A tank was torn open, its fuel had already burned up. More of the brigades vehicles were scattered about as they had been picked up into the air and thrown. Bodies lay scattered, some torn, others sliced by clean cuts. Anassa immediately discarded the idea of it just being a brigade overwhelmed when one Anassa found a man that had been sliced cleanly in two, diagonally from shoulder to hip. Everything, his body and bone, his clothes, his pack followed that line. Everything, even the gun that lay by his side. It had been dropped, but the cut on his arms meant made it look like he had been holding something up above his head to block. And the rifle had been sliced clean through, not smashed or bent or hammered, but sliced. Such things were not to be considered, such things were simply to be acted upon.
Anassa waved her hand and her sorcerous energies materialized to create a barrier which could be used as a dozen blade. It slowly swept the bodies and scraps of metal to the side. And immediately, two more Anassas appeared, one looking behind, the other forward. They raised their arms ahead of them, the tunnel was lit up with a red glow. It was stone and wreckage and blood and… And that was it. Further ahead, there were even a few corpses of demonic Legionnaires in their black armour and the heavy cleavers that they used.

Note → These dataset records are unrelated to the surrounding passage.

lemma finite_JJbar:
  fixes m :: "'n::finite \<Rightarrow> nat"
  shows "finite (JJbar s m v)"
proof -
  have "{j. \<forall>i. j i \<subseteq> {..<m i}} = (\<Pi>\<^sub>E i\<in>UNIV. Pow {..<m i})"
    by (auto simp: PiE_def Pi_def extensional_def)
  then have "finite {j. \<forall>i. j i \<subseteq> {..<m i}}"
    by (simp add: finite_PiE)
  then have "finite ({j. \<forall>i. j i \<subseteq> {..<m i}} \<times> (UNIV::'n set))"
    by (rule finite_cartesian_product) simp
  moreover have "JJbar s m v \<subseteq> {j. \<forall>i. j i \<subseteq> {..<m i}} \<times> (UNIV::'n set)"
    by (auto simp: JJbar_def JJ_def)
  ultimately show ?thesis
    by (rule finite_subset[rotated])
qed

section \<open>Independent families adapted to a flag\<close>

lemma extend_independent_family:
  fixes g :: "'b \<Rightarrow> 'a::euclidean_space"
  assumes "finite Y" "X \<subseteq> Y" "inj_on g X" "independent (g ` X)"
  shows "\<exists>Z. X \<subseteq> Z \<and> Z \<subseteq> Y \<and> inj_on g Z \<and> independent (g ` Z) \<and> dim (span (g ` Y)) \<le> card Z"
proof -
  obtain C where C: "g ` X \<subseteq> C" "C \<subseteq> g ` Y" "independent C" "g ` Y \<subseteq> span C"
    using maximal_independent_subset_extend[of "g ` X" "g ` Y"] assms by blast
  let ?h = "inv_into Y g"
  define Z where "Z = X \<union> ?h ` (C - g ` X)"
  have gh: "g (?h c) = c" if "c \<in> C" for c
    using C(2) that by (auto intro: f_inv_into_f)
  have gZ: "g ` Z = C"
    unfolding Z_def using C(1) gh by (auto simp: image_Un image_image)
  have "inj_on g (?h ` (C - g ` X))"
    by (rule inj_onI) (auto simp: gh)
  then have injZ: "inj_on g Z"
    unfolding Z_def inj_on_Un using assms(3) by (auto simp: gh)
  have "finite C"
    using C(2) assms(1) finite_subset by blast
  then have "dim (span (g ` Y)) \<le> card C"
    using C(4) by (simp add: dim_span dim_le_card)
  also have "card C = card Z"
    using card_image[OF injZ] gZ by simp
  finally have "dim (span (g ` Y)) \<le> card Z" .
  moreover have "X \<subseteq> Z" "Z \<subseteq> Y"
    using assms(2) C(2) unfolding Z_def by (auto intro: inv_into_into)
  ultimately show ?thesis
    using injZ gZ C(3) by blast
qed

lemma independent_family_card_le_dim:
  fixes g :: "'b \<Rightarrow> 'a::euclidean_space"
  assumes "inj_on g B" "independent (g ` B)" "A \<subseteq> B" "A \<subseteq> Y"
  shows "card A \<le> dim (span (g ` Y))"
proof -
  have "card A = card (g ` A)"
    using assms(1,3) by (simp add: card_image inj_on_subset)
  also have "\<dots> \<le> dim (span (g ` Y))"
  proof (rule independent_card_le_dim)
    show "g ` A \<subseteq> span (g ` Y)"
      using assms(4) by (auto intro: span_base)
    show "independent (g ` A)"
      using assms(2) image_mono[OF assms(3)] by (rule independent_mono)
  qed
  finally show ?thesis .
qed

text \<open>For a chain Y_0 \<subseteq> Y_1 \<subseteq> ... there is a single independent family B \<subseteq> Y_q whose trace on
  every Y_k, k \<le> q, has the maximal size dim (span (g`Y_k)); i.e. a basis adapted to a flag.\<close>
lemma flag_independent_family:
  fixes g :: "'b \<Rightarrow> 'a::euclidean_space"
  assumes fin: "\<And>k. finite (Y k)" and mono: "\<And>k. Y k \<subseteq> Y (Suc k)"
  shows "\<exists>B. B \<subseteq> Y q \<and> inj_on g B \<and> independent (g ` B) \<and>
             (\<forall>k\<le>q. card (B \<inter> Y k) = dim (span (g ` Y k)))"
proof (induction q)
  case 0
  obtain Z where Z: "{} \<subseteq> Z" "Z \<subseteq> Y 0" "inj_on g Z" "independent (g ` Z)"
      "dim (span (g ` Y 0)) \<le> card Z"
    using extend_independent_family[of "Y 0" "{}" g] fin independent_empty by auto
  moreover have "card Z \<le> dim (span (g ` Y 0))"
    using independent_family_card_le_dim[OF Z(3,4), of Z "Y 0"] Z(2) by simp
  ultimately show ?case
    by (intro exI[of _ Z]) (auto simp: Int_absorb2)
next
  case (Suc q)
  then obtain B where B: "B \<subseteq> Y q" "inj_on g B" "independent (g ` B)"
    "\<forall>k\<le>q. card (B \<inter> Y k) = dim (span (g ` Y k))"
    by blast
  obtain Z where Z: "B \<subseteq> Z" "Z \<subseteq> Y (Suc q)" "inj_on g Z" "independent (g ` Z)"
    "dim (span (g ` Y (Suc q))) \<le> card Z"
    using extend_independent_family[of "Y (Suc q)" B g] fin mono B by blast
  have "card (Z \<inter> Y k) = dim (span (g ` Y k))" if "k \<le> Suc q" for k
  proof (rule antisym)
    show "card (Z \<inter> Y k) \<le> dim (span (g ` Y k))"
      using Z(3,4) by (rule independent_family_card_le_dim) auto
    show "dim (span (g ` Y k)) \<le> card (Z \<inter> Y k)"
    proof (cases "k = Suc q")
      case True
      then show ?thesis
        using Z(2,5) by (simp add: Int_absorb2)
    next
      case False
      then have "dim (span (g ` Y k)) = card (B \<inter> Y k)"
        using B(4) that by simp
      also have "\<dots> \<le> card (Z \<inter> Y k)"
        using Z(1) fin by (intro card_mono) auto
      finally show ?thesis .
    qed
  qed
  then show ?case
    using Z by blast
qed

lemma nat_seq_crossing:
  fixes f :: "nat \<Rightarrow> real"
  assumes "f 0 \<le> s" "s \<le> f N" "0 < N"
  shows "\<exists>p. 0 < p \<and> p \<le> N \<and> f (p - 1) \<le> s \<and> s \<le> f p"
  using assms
proof (induction N)
  case 0
  then show ?case by simp
next
  case (Suc N)
  show ?case
  proof (cases "0 < N \<and> s \<le> f N")
    case True
    then show ?thesis
      using Suc.IH Suc.prems(1) le_SucI by blast
  next
    case False
    then have "f N \<le> s"
      using Suc.prems(1) by (cases "N = 0") auto
    then show ?thesis
      using Suc.prems(2) by (intro exI[of _ "Suc N"]) simp
  qed
qed

section \<open>The greedy vertex\<close>

lemma flag_tuple:
  fixes m :: "'i \<Rightarrow> nat" and v :: "'i \<Rightarrow> nat \<Rightarrow> 'a::euclidean_space"
  assumes hV: "\<forall>i. V i = span (v i ` {..<m i})"
  shows "\<exists>j. (\<forall>l. j l \<subseteq> {..<m l}) \<and> inj_on (\<lambda>(i,k). v i k) (Sigma UNIV j) \<and>
             independent ((\<lambda>(i,k). v i k) ` Sigma UNIV j) \<and>
             (\<forall>l. l \<notin> set (take p \<sigma>) \<longrightarrow> j l = {}) \<and>
             (\<forall>k\<le>p. (\<Sum>l\<in>set (take k \<sigma>). real (card (j l))) =
                      real (dim (span (\<Union>l\<in>set (take k \<sigma>). V l))))"
proof -
  let ?vv = "\<lambda>(i,k). v i k"
  define Y where "Y k = Sigma (set (take k \<sigma>)) (\<lambda>l. {..<m l})" for k
  have finite_Y: "finite (Y k)" for k
    unfolding Y_def by (rule finite_SigmaI) simp_all
  have mono_Y: "Y k \<subseteq> Y (Suc k)" for k
    unfolding Y_def using set_take_subset_set_take[of k "Suc k" \<sigma>] by auto
  obtain B where B: "B \<subseteq> Y p" "inj_on ?vv B" "independent (?vv ` B)"
    "\<forall>k\<le>p. card (B \<inter> Y k) = dim (span (?vv ` Y k))"
    using flag_independent_family[of Y p ?vv, OF finite_Y mono_Y] by blast
  define j where "j l = {k. (l, k) \<in> B}" for l
  have jsub: "\<forall>l. j l \<subseteq> {..<m l}"
    using B(1) unfolding j_def Y_def by auto
  have "finite (j l)" for l
    using jsub finite_subset by blast
  then have trace: "real (card (B \<inter> Y k)) = (\<Sum>l\<in>set (take k \<sigma>). real (card (j l)))" for k
  proof -
    have "B \<inter> Y k = Sigma (set (take k \<sigma>)) j"
      using B(1) unfolding j_def Y_def by auto
    then show ?thesis
      using \<open>\<And>l. finite (j l)\<close> by (simp add: card_SigmaI)
  qed
  have "Sigma UNIV j = B"
    using B(1) unfolding j_def Y_def by auto
  moreover have "\<forall>l. l \<notin> set (take p \<sigma>) \<longrightarrow> j l = {}"
    using B(1) unfolding j_def Y_def by auto
  moreover have "\<forall>k\<le>p. (\<Sum>l\<in>set (take k \<sigma>). real (card (j l))) =
                    real (dim (span (\<Union>l\<in>set (take k \<sigma>). V l)))"
  proof (intro allI impI)
    fix k assume "k \<le> p"
    have "(\<Sum>l\<in>set (take k \<sigma>). real (card (j l))) = real (card (B \<inter> Y k))"
      by (rule trace[symmetric])
    also have "\<dots> = real (dim (span (?vv ` Y k)))"
      using B(4) \<open>k \<le> p\<close> by simp
    also have "\<dots> = real (dim (span (\<Union>l\<in>set (take k \<sigma>). V l)))"
      unfolding Y_def by (simp only: span_Union_V[OF hV])
    finally show "(\<Sum>l\<in>set (take k \<sigma>). real (card (j l))) =
                    real (dim (span (\<Union>l\<in>set (take k \<sigma>). V l)))" .
  qed
  ultimately show ?thesis
    using jsub B(2,3) by blast
qed

lemma Jhat_sum_le_surplus:
  assumes "d \<in> Pset s V" "i \<in> U"
    and "real (dim (span (\<Union>l\<in>-U. V l))) \<le> (\<Sum>l\<in>-U. real (card (j l)))"
  shows "(\<Sum>l\<in>U. Jhat s j i $ l) \<le> (\<Sum>l\<in>U. d $ l)"
proof -
  have "s \<le> (\<Sum>l\<in>U. d $ l) + real (dim (span (\<Union>l\<in>-U. V l)))"
    using assms(1) by (simp add: Pset_def)
  then show ?thesis
    using assms(2,3) by (simp add: Jhat_sum)
qed

lemma Jhat_sum_le_empty:
  assumes "d \<in> Pset s V" "i \<notin> U" "\<forall>l\<in>U. j l = {}"
  shows "(\<Sum>l\<in>U. Jhat s j i $ l) \<le> (\<Sum>l\<in>U. d $ l)"
proof -
  have "0 \<le> (\<Sum>l\<in>U. d $ l)"
    using assms(1) by (simp add: Pset_def sum_nonneg)
  then show ?thesis
    using assms(2,3) by (simp add: Jhat_sum)
qed

lemma Jhat_suffix_bound:
  fixes T :: "nat \<Rightarrow> 'n::finite set" and p k :: nat
  assumes d': "d' \<in> Pset s V"
    and T_mono: "\<And>k k'. k \<le> k' \<Longrightarrow> T k \<subseteq> T k'"
    and support: "\<forall>l. l \<notin> T p \<longrightarrow> j l = {}"
    and counts: "\<forall>k\<le>p. (\<Sum>l\<in>T k. real (card (j l))) = real (dim (span (\<Union>l\<in>T k. V l)))"
    and i: "i \<in> T p" "i \<notin> T (p - 1)"
  shows "(\<Sum>l\<in>-T k. Jhat s j i $ l) \<le> (\<Sum>l\<in>-T k. d' $ l)"
proof (cases "k < p")
  case True
  then have "T k \<subseteq> T (p - 1)"
    by (intro T_mono) linarith
  then have "i \<notin> T k"
    using i(2) by blast
  then show ?thesis
    using Jhat_sum_le_surplus[OF d', of i "-T k" j] counts True by simp
next
  case False
  then have "T p \<subseteq> T k"
    by (intro T_mono) simp
  then have "i \<in> T k" "\<forall>l\<in>-T k. j l = {}"
    using i(1) support by auto
  then show ?thesis
    using Jhat_sum_le_empty[OF d', of i "-T k" j] by simp
qed

lemma greedy_vertex:
  fixes V :: "'n::finite \<Rightarrow> 'a::euclidean_space set"
  assumes s0: "0 \<le> s" and hV: "\<forall>i. V i = span (v i ` {..<m i})" and dP: "d \<in> Pset s V"
    and \<sigma>: "distinct \<sigma>" "set \<sigma> = UNIV"
  shows "\<exists>(j, i)\<in>JJbar s m v. \<forall>k. \<forall>d'\<in>Pset s V.
           (\<Sum>l\<in>-set (take k \<sigma>). Jhat s j i $ l) \<le> (\<Sum>l\<in>-set (take k \<sigma>). d' $ l)"
proof -
  define T where "T k = set (take k \<sigma>)" for k
  define f where "f k = real (dim (span (\<Union>l\<in>T k. V l)))" for k
  let ?c = "\<lambda>j l. real (card (j l))"
  have "f 0 \<le> s"
    using s0 by (simp add: f_def T_def)
  moreover have "s \<le> (\<Sum>l\<in>{}. d $ l) + real (dim (span (\<Union>l\<in>-{}. V l)))"
    using dP unfolding Pset_def by blast
  then have "s \<le> f (length \<sigma>)"
    using \<sigma>(2) by (simp add: f_def T_def)
  moreover have "0 < length \<sigma>"
    using \<sigma>(2) by (cases \<sigma>) auto
  ultimately obtain p where p: "0 < p" "p \<le> length \<sigma>" "f (p - 1) \<le> s" "s \<le> f p"
    using nat_seq_crossing by blast
  obtain j where j: "\<forall>l. j l \<subseteq> {..<m l}" "inj_on (\<lambda>(i,k). v i k) (Sigma UNIV j)"
      "independent ((\<lambda>(i,k). v i k) ` Sigma UNIV j)" "\<forall>l. l \<notin> T p \<longrightarrow> j l = {}"
      "\<forall>k\<le>p. (\<Sum>l\<in>T k. ?c j l) = f k"
    using flag_tuple[OF hV, of p \<sigma>] unfolding T_def f_def by blast
  define i where "i = \<sigma> ! (p - 1)"
  have take_p: "take p \<sigma> = take (p - 1) \<sigma> @ [i]"
    using take_Suc_conv_app_nth[of "p - 1" \<sigma>] p(1,2) unfolding i_def by simp
  then have Tp: "T p = insert i (T (p - 1))" and i_new: "i \<notin> T (p - 1)"
    using distinct_take[OF \<sigma>(1), of p] unfolding T_def by auto
  have T_mono: "T k \<subseteq> T k'" if "k \<le> k'" for k k'
    unfolding T_def using that by (simp add: set_take_subset_set_take)
  have total: "(\<Sum>l\<in>UNIV. ?c j l) = f p"
    using sum_UNIV_split_Compl[of "?c j" "T p"] j(4,5) by simp
  have "j \<in> JJ s m v"
    unfolding JJ_def using j(1-3) total p(4) by simp
  moreover have "0 \<le> Jhat s j i $ l" for l
  proof -
    have "f p = (\<Sum>l\<in>T p. ?c j l)" "f (p - 1) = (\<Sum>l\<in>T (p - 1). ?c j l)"
      using j(5) by simp_all
    moreover have "finite (T (p - 1))"
      by (simp add: T_def)
    ultimately have "f p = ?c j i + f (p - 1)"
      using Tp i_new by simp
    then show ?thesis
      using total p(3) by (simp add: Jhat_component)
  qed
  ultimately have ji: "(j, i) \<in> JJbar s m v"
    by (simp add: JJbar_def)
  have i_in: "i \<in> T p"
    using Tp by simp
  have counts: "\<forall>k\<le>p. (\<Sum>l\<in>T k. ?c j l) = real (dim (span (\<Union>l\<in>T k. V l)))"
    using j(5) by (simp add: f_def)
  show ?thesis
  proof (rule bexI[OF _ ji], unfold prod.case, intro allI ballI)
    fix k d' assume d': "d' \<in> Pset s V"
    have "(\<Sum>l\<in>-T k. Jhat s j i $ l) \<le> (\<Sum>l\<in>-T k. d' $ l)"
      by (rule Jhat_suffix_bound[OF d' T_mono j(4) counts i_in i_new])
    then show "(\<Sum>l\<in>-set (take k \<sigma>). Jhat s j i $ l) \<le> (\<Sum>l\<in>-set (take k \<sigma>). d' $ l)"
      by (simp add: T_def)
  qed
qed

Yet Anassa had lived far too long to be confused or to question what had happened. She had not experienced a century of conflict in the Great War to now be stood here, scratching her head like a gormless little girl. No. Some things were obvious. Her eyes ignored the blood and carnage, they started running through the same checks Anassa always did in the past. And there was no need
The three Anassas disappeared from this location.
This had to be reported.
The Anassa at the junction heard laughter coming from the darkness.